» Provided data
★ ★ ★ ★
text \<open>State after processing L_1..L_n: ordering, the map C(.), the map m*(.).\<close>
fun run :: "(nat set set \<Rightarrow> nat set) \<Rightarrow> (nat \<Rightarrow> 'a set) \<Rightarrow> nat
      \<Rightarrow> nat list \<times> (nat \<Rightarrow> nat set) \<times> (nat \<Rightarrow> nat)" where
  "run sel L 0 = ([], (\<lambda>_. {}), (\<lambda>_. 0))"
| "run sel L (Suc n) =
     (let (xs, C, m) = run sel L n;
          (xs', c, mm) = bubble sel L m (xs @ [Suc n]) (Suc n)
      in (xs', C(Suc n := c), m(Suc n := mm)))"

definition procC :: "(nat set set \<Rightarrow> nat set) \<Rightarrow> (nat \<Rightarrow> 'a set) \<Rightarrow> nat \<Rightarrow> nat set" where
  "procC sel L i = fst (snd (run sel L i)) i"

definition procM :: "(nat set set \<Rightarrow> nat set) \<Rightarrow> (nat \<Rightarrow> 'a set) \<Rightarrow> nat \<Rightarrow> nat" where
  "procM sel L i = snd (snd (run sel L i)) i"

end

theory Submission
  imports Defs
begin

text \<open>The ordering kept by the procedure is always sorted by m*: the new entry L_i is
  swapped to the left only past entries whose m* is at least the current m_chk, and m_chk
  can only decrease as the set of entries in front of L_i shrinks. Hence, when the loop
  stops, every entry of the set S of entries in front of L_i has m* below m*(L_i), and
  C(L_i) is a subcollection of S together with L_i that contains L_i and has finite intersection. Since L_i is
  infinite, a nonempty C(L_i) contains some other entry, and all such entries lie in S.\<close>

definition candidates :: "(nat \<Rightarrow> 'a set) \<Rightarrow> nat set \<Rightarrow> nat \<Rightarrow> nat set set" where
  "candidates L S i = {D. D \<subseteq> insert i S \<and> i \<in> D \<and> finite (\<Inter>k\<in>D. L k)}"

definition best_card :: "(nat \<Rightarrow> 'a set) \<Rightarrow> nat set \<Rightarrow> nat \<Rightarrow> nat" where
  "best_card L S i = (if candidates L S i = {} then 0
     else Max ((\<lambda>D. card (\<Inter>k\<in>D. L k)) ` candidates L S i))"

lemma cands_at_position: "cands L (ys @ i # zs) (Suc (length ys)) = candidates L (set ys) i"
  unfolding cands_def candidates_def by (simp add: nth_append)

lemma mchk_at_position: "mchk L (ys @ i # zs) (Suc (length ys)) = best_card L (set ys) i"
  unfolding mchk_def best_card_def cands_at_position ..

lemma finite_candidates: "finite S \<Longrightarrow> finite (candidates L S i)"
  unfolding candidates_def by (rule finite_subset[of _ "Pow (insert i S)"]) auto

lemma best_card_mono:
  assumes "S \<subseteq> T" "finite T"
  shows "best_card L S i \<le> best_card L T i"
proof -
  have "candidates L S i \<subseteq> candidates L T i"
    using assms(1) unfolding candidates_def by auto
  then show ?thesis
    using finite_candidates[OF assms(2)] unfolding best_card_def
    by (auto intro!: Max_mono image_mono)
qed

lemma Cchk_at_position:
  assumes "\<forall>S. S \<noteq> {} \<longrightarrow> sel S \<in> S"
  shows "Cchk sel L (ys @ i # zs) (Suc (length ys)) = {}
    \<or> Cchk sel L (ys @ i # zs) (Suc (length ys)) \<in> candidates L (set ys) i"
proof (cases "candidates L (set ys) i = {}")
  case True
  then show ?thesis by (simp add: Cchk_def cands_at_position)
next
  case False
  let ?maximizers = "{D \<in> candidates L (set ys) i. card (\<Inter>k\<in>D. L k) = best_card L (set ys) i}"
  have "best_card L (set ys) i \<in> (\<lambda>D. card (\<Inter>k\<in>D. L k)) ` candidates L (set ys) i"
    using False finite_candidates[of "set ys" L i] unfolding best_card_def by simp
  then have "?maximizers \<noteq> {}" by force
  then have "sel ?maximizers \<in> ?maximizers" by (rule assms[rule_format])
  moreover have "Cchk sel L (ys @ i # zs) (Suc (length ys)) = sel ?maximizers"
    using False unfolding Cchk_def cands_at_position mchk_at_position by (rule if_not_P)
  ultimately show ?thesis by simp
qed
★ ★ ★ ★
» Activity
Every line of the data above should be output exactly as written.

» Response area
text \<open>State after processing L_1..L_n: ordering, the map C(.), the map m*(.).\<close>
fun run :: "(nat set set \<Rightarrow> nat set) \<Rightarrow> (nat \<Rightarrow> 'a set) \<Rightarrow> nat
      \<Rightarrow> nat list \<times> (nat \<Rightarrow> nat set) \<times> (nat \<Rightarrow> nat)" where
  "run sel L 0 = ([], (\<lambda>_. {}), (\<lambda>_. 0))"
| "run sel L (Suc n) =
     (let (xs, C, m) = run sel L n;
          (xs', c, mm) = bubble sel L m (xs @ [Suc n]) (Suc n)
      in (xs', C(Suc n := c), m(Suc n := mm)))"

definition procC :: "(nat set set \<Rightarrow> nat set) \<Rightarrow> (nat \<Rightarrow> 'a set) \<Rightarrow> nat \<Rightarrow> nat set" where
  "procC sel L i = fst (snd (run sel L i)) i"

definition procM :: "(nat set set \<Rightarrow> nat set) \<Rightarrow> (nat \<Rightarrow> 'a set) \<Rightarrow> nat \<Rightarrow> nat" where
  "procM sel L i = snd (snd (run sel L i)) i"

end

theory Submission
  imports Defs
begin

text \<open>The ordering kept by the procedure is always sorted by m*: the new entry L_i is
  swapped to the left only past entries whose m* is at least the current m_chk, and m_chk
  can only decrease as the set of entries in front of L_i shrinks. Hence, when the loop
  stops, every entry of the set S of entries in front of L_i has m* below m*(L_i), and
  C(L_i) is a subcollection of S together with L_i that contains L_i and has finite intersection. Since L_i is
  infinite, a nonempty C(L_i) contains some other entry, and all such entries lie in S.\<close>

definition candidates :: "(nat \<Rightarrow> 'a set) \<Rightarrow> nat set \<Rightarrow> nat \<Rightarrow> nat set set" where
  "candidates L S i = {D. D \<subseteq> insert i S \<and> i \<in> D \<and> finite (\<Inter>k\<in>D. L k)}"

definition best_card :: "(nat \<Rightarrow> 'a set) \<Rightarrow> nat set \<Rightarrow> nat \<Rightarrow> nat" where
  "best_card L S i = (if candidates L S i = {} then 0
     else Max ((\<lambda>D. card (\<Inter>k\<in>D. L k)) ` candidates L S i))"

lemma cands_at_position: "cands L (ys @ i # zs) (Suc (length ys)) = candidates L (set ys) i"
  unfolding cands_def candidates_def by (simp add: nth_append)

lemma mchk_at_position: "mchk L (ys @ i # zs) (Suc (length ys)) = best_card L (set ys) i"
  unfolding mchk_def best_card_def cands_at_position ..

lemma finite_candidates: "finite S \<Longrightarrow> finite (candidates L S i)"
  unfolding candidates_def by (rule finite_subset[of _ "Pow (insert i S)"]) auto

lemma best_card_mono:
  assumes "S \<subseteq> T" "finite T"
  shows "best_card L S i \<le> best_card L T i"
proof -
  have "candidates L S i \<subseteq> candidates L T i"
    using assms(1) unfolding candidates_def by auto
  then show ?thesis
    using finite_candidates[OF assms(2)] unfolding best_card_def
    by (auto intro!: Max_mono image_mono)
qed

lemma Cchk_at_position:
  assumes "\<forall>S. S \<noteq> {} \<longrightarrow> sel S \<in> S"
  shows "Cchk sel L (ys @ i # zs) (Suc (length ys)) = {}
    \<or> Cchk sel L (ys @ i # zs) (Suc (length ys)) \<in> candidates L (set ys) i"
proof (cases "candidates L (set ys) i = {}")
  case True
  then show ?thesis by (simp add: Cchk_def cands_at_position)
next
  case False
  let ?maximizers = "{D \<in> candidates L (set ys) i. card (\<Inter>k\<in>D. L k) = best_card L (set ys) i}"
  have "best_card L (set ys) i \<in> (\<lambda>D. card (\<Inter>k\<in>D. L k)) ` candidates L (set ys) i"
    using False finite_candidates[of "set ys" L i] unfolding best_card_def by simp
  then have "?maximizers \<noteq> {}" by force
  then have "sel ?maximizers \<in> ?maximizers" by (rule assms[rule_format])
  moreover have "Cchk sel L (ys @ i # zs) (Suc (length ys)) = sel ?maximizers"
    using False unfolding Cchk_def cands_at_position mchk_at_position by (rule if_not_P)
  ultimately show ?thesis by simp
qed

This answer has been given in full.